About this task: Find the lines below holding the word "assoc" and copy each of them.
Exercise data START
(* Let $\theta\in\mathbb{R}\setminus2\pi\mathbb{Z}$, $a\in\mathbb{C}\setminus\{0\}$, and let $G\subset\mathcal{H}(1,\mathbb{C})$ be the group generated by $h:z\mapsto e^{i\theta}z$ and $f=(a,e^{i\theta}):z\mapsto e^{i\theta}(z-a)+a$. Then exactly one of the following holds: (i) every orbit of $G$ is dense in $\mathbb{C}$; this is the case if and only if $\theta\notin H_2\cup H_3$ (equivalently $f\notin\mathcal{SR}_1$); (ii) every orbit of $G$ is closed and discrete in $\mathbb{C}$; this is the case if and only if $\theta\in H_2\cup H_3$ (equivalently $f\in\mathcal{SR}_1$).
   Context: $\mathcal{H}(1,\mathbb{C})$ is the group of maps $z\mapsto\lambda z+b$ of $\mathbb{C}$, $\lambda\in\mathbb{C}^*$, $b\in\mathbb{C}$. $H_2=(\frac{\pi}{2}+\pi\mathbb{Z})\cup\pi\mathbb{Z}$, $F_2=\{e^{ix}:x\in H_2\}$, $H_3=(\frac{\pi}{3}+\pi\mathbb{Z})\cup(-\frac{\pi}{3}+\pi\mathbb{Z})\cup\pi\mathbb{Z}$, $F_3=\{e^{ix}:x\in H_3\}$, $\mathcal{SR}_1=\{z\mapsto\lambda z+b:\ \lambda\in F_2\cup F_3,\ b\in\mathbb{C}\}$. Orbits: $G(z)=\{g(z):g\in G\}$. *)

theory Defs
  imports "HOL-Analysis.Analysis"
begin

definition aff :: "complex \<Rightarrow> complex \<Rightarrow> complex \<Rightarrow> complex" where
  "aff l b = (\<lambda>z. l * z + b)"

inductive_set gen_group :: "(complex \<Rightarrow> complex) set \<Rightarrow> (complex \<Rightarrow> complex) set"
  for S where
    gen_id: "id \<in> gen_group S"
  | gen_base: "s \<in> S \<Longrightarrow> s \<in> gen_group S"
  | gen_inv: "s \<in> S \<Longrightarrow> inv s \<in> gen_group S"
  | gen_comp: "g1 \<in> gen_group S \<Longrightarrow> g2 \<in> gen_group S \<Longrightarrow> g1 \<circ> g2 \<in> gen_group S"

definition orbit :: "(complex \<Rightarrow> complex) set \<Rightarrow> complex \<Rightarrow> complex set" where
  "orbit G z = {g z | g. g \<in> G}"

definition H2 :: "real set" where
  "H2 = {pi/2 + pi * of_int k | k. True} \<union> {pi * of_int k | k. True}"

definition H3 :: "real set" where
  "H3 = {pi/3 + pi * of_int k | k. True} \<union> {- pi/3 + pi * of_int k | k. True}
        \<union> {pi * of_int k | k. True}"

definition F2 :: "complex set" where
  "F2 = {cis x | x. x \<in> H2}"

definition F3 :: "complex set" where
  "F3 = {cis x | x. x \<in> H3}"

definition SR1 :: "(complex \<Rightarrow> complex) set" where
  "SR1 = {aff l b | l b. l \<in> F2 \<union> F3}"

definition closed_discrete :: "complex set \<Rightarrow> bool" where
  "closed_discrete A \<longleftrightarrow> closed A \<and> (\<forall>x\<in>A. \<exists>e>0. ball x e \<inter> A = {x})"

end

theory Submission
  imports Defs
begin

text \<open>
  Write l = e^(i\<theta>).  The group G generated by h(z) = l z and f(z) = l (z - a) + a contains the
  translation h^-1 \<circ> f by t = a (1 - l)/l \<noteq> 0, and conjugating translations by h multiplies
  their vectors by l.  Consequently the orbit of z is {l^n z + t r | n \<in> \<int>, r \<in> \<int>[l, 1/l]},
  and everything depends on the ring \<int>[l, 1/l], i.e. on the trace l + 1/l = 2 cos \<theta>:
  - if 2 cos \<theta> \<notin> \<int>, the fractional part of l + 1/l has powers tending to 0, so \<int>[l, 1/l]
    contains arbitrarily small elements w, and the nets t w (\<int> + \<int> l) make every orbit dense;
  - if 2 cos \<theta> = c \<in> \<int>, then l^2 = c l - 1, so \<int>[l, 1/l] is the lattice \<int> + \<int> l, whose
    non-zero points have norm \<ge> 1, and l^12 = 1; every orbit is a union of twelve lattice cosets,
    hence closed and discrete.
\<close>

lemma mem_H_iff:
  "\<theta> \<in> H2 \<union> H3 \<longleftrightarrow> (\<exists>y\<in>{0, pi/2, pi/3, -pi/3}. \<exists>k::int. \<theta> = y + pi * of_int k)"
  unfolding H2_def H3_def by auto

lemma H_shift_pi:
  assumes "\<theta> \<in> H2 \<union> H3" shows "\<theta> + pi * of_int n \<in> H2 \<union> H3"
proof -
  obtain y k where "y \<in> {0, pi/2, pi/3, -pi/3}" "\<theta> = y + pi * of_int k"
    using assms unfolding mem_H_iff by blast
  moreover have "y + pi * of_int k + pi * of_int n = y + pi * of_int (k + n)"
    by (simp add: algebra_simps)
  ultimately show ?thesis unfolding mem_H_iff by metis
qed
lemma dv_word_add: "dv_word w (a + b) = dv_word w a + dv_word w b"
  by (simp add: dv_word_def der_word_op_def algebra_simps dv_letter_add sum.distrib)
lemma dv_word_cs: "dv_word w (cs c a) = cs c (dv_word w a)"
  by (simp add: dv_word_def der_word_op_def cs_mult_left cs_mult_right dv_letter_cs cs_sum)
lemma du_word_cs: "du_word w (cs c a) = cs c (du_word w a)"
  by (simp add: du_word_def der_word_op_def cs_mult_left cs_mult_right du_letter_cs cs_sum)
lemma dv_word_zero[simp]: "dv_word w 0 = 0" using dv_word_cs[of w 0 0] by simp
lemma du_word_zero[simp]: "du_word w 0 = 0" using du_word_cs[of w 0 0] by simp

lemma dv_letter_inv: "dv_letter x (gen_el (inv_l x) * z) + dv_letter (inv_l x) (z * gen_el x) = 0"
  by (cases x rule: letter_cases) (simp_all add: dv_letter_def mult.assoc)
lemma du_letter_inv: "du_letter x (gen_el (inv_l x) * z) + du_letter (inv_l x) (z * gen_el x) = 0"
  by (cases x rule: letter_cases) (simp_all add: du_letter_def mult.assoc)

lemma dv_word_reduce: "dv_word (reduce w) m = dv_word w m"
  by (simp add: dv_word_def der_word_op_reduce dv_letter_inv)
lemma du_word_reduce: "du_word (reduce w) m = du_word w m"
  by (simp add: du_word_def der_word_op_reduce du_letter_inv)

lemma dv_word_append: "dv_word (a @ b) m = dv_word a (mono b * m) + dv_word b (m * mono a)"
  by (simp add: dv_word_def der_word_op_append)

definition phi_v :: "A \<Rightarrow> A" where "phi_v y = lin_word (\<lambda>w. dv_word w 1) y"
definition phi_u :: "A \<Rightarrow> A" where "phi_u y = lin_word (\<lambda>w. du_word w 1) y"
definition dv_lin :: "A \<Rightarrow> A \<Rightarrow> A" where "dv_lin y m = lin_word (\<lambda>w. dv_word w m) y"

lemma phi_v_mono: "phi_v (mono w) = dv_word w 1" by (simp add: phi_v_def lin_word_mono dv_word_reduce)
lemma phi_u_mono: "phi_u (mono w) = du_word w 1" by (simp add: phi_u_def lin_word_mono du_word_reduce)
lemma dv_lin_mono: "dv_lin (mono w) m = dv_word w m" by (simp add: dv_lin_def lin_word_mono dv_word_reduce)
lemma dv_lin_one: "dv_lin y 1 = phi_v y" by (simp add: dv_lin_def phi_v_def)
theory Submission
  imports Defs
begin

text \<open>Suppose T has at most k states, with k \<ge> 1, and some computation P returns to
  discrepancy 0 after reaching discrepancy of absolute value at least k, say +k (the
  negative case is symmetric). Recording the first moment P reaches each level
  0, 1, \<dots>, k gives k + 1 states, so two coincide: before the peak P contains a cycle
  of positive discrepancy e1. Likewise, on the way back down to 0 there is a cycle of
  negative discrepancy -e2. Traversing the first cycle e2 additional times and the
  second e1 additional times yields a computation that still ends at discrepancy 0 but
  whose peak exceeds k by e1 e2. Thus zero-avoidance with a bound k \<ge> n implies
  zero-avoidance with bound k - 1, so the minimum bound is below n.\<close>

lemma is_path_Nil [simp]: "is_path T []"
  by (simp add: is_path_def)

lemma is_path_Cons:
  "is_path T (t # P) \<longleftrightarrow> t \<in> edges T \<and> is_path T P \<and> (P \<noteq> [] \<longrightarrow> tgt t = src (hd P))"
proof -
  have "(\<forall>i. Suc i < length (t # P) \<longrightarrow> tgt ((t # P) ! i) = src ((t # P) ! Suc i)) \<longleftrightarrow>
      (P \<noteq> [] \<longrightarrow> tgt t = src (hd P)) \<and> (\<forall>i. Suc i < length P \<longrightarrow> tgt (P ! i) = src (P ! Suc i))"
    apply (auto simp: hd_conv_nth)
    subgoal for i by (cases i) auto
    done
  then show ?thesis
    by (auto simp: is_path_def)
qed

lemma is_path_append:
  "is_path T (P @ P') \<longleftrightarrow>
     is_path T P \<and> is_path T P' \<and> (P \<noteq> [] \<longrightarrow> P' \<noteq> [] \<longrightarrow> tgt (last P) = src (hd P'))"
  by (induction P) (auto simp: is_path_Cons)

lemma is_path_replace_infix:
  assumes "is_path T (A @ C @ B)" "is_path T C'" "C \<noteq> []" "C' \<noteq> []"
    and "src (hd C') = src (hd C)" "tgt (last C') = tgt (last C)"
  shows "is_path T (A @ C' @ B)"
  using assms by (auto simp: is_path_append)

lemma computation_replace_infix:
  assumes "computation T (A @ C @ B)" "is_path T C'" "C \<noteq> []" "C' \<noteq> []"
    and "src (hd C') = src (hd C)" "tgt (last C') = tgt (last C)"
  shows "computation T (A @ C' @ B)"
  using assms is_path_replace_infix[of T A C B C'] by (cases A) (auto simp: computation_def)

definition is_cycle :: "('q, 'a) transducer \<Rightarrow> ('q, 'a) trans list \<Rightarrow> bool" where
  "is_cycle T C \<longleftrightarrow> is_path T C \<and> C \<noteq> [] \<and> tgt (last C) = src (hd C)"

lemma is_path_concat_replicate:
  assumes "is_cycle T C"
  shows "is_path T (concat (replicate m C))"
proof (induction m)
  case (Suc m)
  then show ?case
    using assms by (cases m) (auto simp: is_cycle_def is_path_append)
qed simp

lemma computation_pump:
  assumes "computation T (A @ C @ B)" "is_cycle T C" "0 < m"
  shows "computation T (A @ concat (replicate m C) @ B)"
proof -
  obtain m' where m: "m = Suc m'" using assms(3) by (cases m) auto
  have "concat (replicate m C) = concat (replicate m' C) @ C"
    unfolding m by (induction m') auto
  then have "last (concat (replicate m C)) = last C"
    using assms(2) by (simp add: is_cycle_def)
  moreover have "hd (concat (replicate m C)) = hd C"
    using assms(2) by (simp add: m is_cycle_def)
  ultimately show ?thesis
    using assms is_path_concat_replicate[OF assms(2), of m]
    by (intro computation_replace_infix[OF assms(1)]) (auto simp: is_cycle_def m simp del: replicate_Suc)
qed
Exercise data END
Exercise data START
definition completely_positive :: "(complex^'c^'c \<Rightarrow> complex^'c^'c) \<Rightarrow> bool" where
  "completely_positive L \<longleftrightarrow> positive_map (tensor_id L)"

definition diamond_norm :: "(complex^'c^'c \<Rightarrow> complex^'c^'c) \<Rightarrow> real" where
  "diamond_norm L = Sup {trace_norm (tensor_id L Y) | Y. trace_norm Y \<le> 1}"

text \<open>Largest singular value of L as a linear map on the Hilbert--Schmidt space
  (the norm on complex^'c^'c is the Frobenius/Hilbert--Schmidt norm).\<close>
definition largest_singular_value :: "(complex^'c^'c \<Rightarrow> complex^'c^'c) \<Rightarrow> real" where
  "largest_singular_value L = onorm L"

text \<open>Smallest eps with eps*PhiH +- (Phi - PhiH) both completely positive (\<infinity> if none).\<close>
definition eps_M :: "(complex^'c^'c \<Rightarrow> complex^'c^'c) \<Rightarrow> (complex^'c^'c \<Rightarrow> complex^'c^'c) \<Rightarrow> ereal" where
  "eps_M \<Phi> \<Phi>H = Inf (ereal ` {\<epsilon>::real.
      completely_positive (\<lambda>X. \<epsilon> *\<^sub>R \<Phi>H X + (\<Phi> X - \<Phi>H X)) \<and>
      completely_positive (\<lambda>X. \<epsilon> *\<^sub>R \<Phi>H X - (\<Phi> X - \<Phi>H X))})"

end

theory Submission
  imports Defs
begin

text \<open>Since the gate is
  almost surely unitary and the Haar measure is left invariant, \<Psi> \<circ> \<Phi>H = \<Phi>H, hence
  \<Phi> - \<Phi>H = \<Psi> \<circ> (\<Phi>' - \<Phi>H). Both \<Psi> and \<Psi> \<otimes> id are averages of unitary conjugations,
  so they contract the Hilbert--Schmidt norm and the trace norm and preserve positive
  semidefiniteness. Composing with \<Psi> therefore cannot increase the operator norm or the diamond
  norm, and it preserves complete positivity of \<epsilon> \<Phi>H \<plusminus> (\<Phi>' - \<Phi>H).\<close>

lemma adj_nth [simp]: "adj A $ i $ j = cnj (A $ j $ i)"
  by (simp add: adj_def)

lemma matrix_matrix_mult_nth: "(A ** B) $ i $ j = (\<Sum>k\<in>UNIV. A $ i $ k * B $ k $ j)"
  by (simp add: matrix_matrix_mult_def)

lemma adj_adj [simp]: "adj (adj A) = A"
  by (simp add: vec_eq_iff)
Exercise data END
Exercise data START
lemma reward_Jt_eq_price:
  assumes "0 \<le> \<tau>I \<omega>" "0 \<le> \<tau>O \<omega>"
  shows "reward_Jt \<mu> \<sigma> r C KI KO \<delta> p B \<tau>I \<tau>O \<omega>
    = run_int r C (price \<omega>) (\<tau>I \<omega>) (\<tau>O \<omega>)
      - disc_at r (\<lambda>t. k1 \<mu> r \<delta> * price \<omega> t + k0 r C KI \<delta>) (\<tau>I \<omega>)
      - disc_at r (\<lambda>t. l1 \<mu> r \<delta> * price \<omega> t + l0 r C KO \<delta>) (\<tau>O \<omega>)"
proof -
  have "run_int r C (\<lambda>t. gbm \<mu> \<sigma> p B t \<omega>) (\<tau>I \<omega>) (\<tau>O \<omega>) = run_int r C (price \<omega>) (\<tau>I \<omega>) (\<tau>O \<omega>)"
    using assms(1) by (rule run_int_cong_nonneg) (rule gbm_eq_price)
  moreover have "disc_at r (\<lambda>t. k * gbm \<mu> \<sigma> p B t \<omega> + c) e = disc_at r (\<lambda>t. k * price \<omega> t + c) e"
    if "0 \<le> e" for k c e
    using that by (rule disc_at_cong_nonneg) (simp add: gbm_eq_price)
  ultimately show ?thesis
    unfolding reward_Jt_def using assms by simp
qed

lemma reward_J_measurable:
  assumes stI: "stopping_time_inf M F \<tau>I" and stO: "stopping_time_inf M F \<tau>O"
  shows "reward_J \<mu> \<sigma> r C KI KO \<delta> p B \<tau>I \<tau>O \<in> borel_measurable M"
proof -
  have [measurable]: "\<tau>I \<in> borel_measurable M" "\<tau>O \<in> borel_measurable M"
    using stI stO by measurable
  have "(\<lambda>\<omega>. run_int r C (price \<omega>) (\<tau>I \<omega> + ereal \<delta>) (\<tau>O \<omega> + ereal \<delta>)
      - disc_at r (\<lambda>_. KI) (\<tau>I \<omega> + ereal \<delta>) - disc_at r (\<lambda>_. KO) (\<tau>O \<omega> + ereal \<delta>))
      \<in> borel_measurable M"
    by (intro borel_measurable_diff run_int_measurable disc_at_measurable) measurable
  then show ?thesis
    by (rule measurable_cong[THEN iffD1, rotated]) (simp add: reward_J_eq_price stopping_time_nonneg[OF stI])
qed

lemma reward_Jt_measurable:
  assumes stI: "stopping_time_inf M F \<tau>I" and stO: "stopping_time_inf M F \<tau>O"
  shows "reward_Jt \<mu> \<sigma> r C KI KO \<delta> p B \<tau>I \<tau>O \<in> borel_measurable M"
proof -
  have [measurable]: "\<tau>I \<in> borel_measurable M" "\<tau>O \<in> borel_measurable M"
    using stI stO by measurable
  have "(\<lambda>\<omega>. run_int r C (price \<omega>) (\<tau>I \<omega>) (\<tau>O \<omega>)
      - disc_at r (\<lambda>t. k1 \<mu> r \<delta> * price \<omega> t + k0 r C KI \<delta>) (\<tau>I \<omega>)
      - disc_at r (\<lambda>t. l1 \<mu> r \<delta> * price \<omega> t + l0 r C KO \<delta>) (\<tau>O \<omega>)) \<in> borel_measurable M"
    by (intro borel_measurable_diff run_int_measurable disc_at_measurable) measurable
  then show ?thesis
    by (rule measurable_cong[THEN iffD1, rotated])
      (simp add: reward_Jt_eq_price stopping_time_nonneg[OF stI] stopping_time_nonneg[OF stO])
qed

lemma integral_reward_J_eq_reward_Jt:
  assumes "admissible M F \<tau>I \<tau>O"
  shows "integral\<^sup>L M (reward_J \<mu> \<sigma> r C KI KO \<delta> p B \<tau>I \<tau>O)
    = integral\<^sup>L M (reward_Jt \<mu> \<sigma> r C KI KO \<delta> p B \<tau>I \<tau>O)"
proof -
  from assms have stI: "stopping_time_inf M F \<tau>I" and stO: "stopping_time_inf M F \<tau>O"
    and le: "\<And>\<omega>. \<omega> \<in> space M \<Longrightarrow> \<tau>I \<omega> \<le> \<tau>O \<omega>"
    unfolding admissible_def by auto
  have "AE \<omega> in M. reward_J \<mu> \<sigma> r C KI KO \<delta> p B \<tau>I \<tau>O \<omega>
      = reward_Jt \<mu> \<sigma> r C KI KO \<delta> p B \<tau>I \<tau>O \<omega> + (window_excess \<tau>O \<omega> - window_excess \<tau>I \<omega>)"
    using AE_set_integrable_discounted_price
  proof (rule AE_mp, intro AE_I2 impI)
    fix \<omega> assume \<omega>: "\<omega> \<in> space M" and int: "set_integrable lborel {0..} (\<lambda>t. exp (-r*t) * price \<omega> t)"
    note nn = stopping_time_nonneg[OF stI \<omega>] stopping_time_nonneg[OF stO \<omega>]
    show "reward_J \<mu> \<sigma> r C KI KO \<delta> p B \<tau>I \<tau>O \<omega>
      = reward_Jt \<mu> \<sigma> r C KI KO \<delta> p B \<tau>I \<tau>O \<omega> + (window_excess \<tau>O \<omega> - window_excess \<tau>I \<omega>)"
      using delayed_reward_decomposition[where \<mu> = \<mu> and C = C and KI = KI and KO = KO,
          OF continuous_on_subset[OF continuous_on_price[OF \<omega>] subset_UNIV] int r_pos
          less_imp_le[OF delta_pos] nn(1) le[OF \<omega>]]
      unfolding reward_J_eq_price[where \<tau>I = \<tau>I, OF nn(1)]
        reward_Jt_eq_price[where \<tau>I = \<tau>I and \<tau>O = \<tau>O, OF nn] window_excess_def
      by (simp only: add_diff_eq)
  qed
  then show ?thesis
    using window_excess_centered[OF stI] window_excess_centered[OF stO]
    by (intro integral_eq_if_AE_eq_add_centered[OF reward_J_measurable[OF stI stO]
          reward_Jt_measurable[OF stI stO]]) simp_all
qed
Exercise data END
Exercise output:
  by (cases x rule: letter_cases) (simp_all add: dv_letter_def mult.assoc)
  by (cases x rule: letter_cases) (simp_all add: du_letter_def mult.assoc)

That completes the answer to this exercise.